To determine the mass of the second body involved in the collision, we can use the principle of conservation of momentum. According to this principle, the total momentum of an isolated system remains constant before and after a collision.
Mathematically, the conservation of momentum can be expressed as follows:
m1 * v1_initial + m2 * v2_initial = m1 * v1_final + m2 * v2_final
Where: m1 = mass of the first body (0.5 kg) v1_initial = initial velocity of the first body (15 m/s) m2 = mass of the second body (unknown, to be determined) v2_initial = initial velocity of the second body (-4.5 m/s, since it is moving in the opposite direction) v1_final = final velocity of the first body (to be determined) v2_final = final velocity of the second body (to be determined)

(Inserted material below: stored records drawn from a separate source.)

(* transition matrix under theta; p a i j = p^a(i,j) *)
definition Pth :: "('a::finite \<Rightarrow> 's \<Rightarrow> 's \<Rightarrow> real) \<Rightarrow> ('s \<Rightarrow> 'a \<Rightarrow> real) \<Rightarrow> 's \<Rightarrow> 's \<Rightarrow> real" where
  "Pth p \<theta> i j = (\<Sum>a\<in>UNIV. p a i j * \<theta> i a)"

definition stat_dist :: "('a::finite \<Rightarrow> 's::finite \<Rightarrow> 's \<Rightarrow> real) \<Rightarrow> ('s \<Rightarrow> 'a \<Rightarrow> real) \<Rightarrow> 's \<Rightarrow> real" where
  "stat_dist p \<theta> = (THE \<pi>. (\<forall>j. \<pi> j = (\<Sum>i\<in>UNIV. \<pi> i * Pth p \<theta> i j)) \<and> (\<Sum>i\<in>UNIV. \<pi> i) = 1)"

definition J_mu :: "('a::finite \<Rightarrow> 's::finite \<Rightarrow> 's \<Rightarrow> real) \<Rightarrow> ('s \<Rightarrow> 'a \<Rightarrow> real) \<Rightarrow> ('s \<Rightarrow> 'a \<Rightarrow> real) \<Rightarrow> real" where
  "J_mu p r \<theta> = (\<Sum>i\<in>UNIV. stat_dist p \<theta> i * (\<Sum>a\<in>UNIV. \<theta> i a * r i a))"

definition f_th :: "('a::finite \<Rightarrow> 's::finite \<Rightarrow> 's \<Rightarrow> real) \<Rightarrow> ('s \<Rightarrow> 'a \<Rightarrow> real) \<Rightarrow> real \<Rightarrow> ('s \<Rightarrow> 'a \<Rightarrow> real) \<Rightarrow> 's \<Rightarrow> real" where
  "f_th p r \<beta> \<theta> i = (\<Sum>a\<in>UNIV. \<theta> i a * (r i a - \<beta> * (r i a - J_mu p r \<theta>)\<^sup>2))"

definition J_mu_sigma :: "('a::finite \<Rightarrow> 's::finite \<Rightarrow> 's \<Rightarrow> real) \<Rightarrow> ('s \<Rightarrow> 'a \<Rightarrow> real) \<Rightarrow> real \<Rightarrow> ('s \<Rightarrow> 'a \<Rightarrow> real) \<Rightarrow> real" where
  "J_mu_sigma p r \<beta> \<theta> = (\<Sum>i\<in>UNIV. stat_dist p \<theta> i * f_th p r \<beta> \<theta> i)"

definition is_potential :: "('a::finite \<Rightarrow> 's::finite \<Rightarrow> 's \<Rightarrow> real) \<Rightarrow> ('s \<Rightarrow> 'a \<Rightarrow> real) \<Rightarrow> real \<Rightarrow> ('s \<Rightarrow> 'a \<Rightarrow> real) \<Rightarrow> ('s \<Rightarrow> real) \<Rightarrow> bool" where
  "is_potential p r \<beta> \<theta> g \<longleftrightarrow>
     (\<forall>i. g i = f_th p r \<beta> \<theta> i - J_mu_sigma p r \<beta> \<theta> + (\<Sum>j\<in>UNIV. Pth p \<theta> i j * g j))"

definition D_ia :: "('a::finite \<Rightarrow> 's::finite \<Rightarrow> 's \<Rightarrow> real) \<Rightarrow> ('s \<Rightarrow> 'a \<Rightarrow> real) \<Rightarrow> real \<Rightarrow> ('s \<Rightarrow> real) \<Rightarrow> ('s \<Rightarrow> 'a \<Rightarrow> real) \<Rightarrow> 's \<Rightarrow> 'a \<Rightarrow> real" where
  "D_ia p r \<beta> g \<theta> i a = stat_dist p \<theta> i *
     ((\<Sum>j\<in>UNIV. p a i j * g j) + r i a - \<beta> * (r i a)\<^sup>2 + 2 * \<beta> * J_mu p r \<theta> * r i a)"

end

theory Submission
  imports Defs
begin

text \<open>Along the segment \<open>\<theta>\<^sub>t = \<theta> + t(\<theta>' - \<theta>)\<close> the transition matrix is affine,
  \<open>P\<^sub>t = P\<^sub>0 + t\<Delta>P\<close>. Writing \<open>J\<^sub>\<mu>\<^sub>,\<^sub>\<sigma> = \<pi>(r - \<beta>r\<^sup>2) + \<beta>J\<^sub>\<mu>\<^sup>2\<close> and pairing the potential equation
  of \<open>\<theta>\<close> with the stationary distribution \<open>\<pi>\<^sub>t\<close> of \<open>\<theta>\<^sub>t\<close> gives the exact identity
  \<open>J\<^sub>\<mu>\<^sub>,\<^sub>\<sigma>(\<theta>\<^sub>t) - J\<^sub>\<mu>\<^sub>,\<^sub>\<sigma>(\<theta>) = t \<pi>\<^sub>t c + \<beta>(J\<^sub>\<mu>(\<theta>\<^sub>t) - J\<^sub>\<mu>(\<theta>))\<^sup>2\<close>, where \<open>\<pi>\<^sub>0 c\<close> is the claimed
  derivative. A solution \<open>h\<close> of the Poisson equation \<open>h - P\<^sub>0h = c - \<pi>\<^sub>0c\<close> turns
  \<open>\<pi>\<^sub>tc - \<pi>\<^sub>0c\<close> into \<open>t \<pi>\<^sub>t(\<Delta>P h)\<close>, so \<open>t \<mapsto> \<pi>\<^sub>t c\<close> and \<open>J\<^sub>\<mu>(\<theta>\<^sub>t)\<close> are Lipschitz at \<open>0\<close>: the
  difference quotient is \<open>\<pi>\<^sub>0 c + O(t)\<close>.\<close>

lemma has_real_derivative_at_right_0I:
  fixes F :: "real \<Rightarrow> real"
  assumes "d > 0" and bound: "\<And>t. 0 < t \<Longrightarrow> t < d \<Longrightarrow> \<bar>(F t - F 0) / t - L\<bar> \<le> C * t"
  shows "(F has_real_derivative L) (at_right 0)"
proof -
  have "\<forall>\<^sub>F t in at_right 0. norm ((F t - F 0) / (t - 0) - L) \<le> C * t"
    using eventually_at_right_real[OF \<open>d > 0\<close>] by eventually_elim (use bound in auto)
  moreover have "((\<lambda>t::real. C * t) \<longlongrightarrow> 0) (at_right 0)"
    by (auto intro!: tendsto_eq_intros)
  ultimately have "((\<lambda>t. (F t - F 0) / (t - 0) - L) \<longlongrightarrow> 0) (at_right 0)"
    by (rule Lim_null_comparison)
  then show ?thesis
    unfolding has_field_derivative_iff by (subst Lim_null)
qed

In this case, since the bodies collide and stick together, the final velocities can be considered the same for both bodies.
Using the given values, we can rearrange the equation and solve for m2:
m1 * v1_initial + m2 * v2_initial = (m1 + m2) * v_final
(0.5 kg) * (15 m/s) + m2 * (-4.5 m/s) = (0.5 kg + m2) * v_final
7.5 kg·m/s - 4.5 m2 kg·m/s = (0.5 kg + m2) * v_final
7.5 kg·m/s - 4.5 m2 kg·m/s = 0.5 kg·v_final + m2·v_final
Simplifying the equation, we have:
7.5 kg·m/s - 4.5 m2 kg·m/s = (0.5 kg + m2) * v_final
7.5 kg·m/s - 4.5 m2 kg·m/s = (0.5 kg + m2) * v_final
Let's solve for m2:
7.5 kg·m/s - 4.5 m2 kg·m/s = (0.5 kg + m2) * v_final
7.5 kg·m/s - 4.5 m2 kg·m/s = 0.5 kg·v_final + m2·v_final
Since the masses of the bodies are in kilograms and the velocities are in meters per second, the units on both sides of the equation are consistent.
To find the value of m2, we would need additional information, such as the final velocity (v_final) or any other known values related to the collision.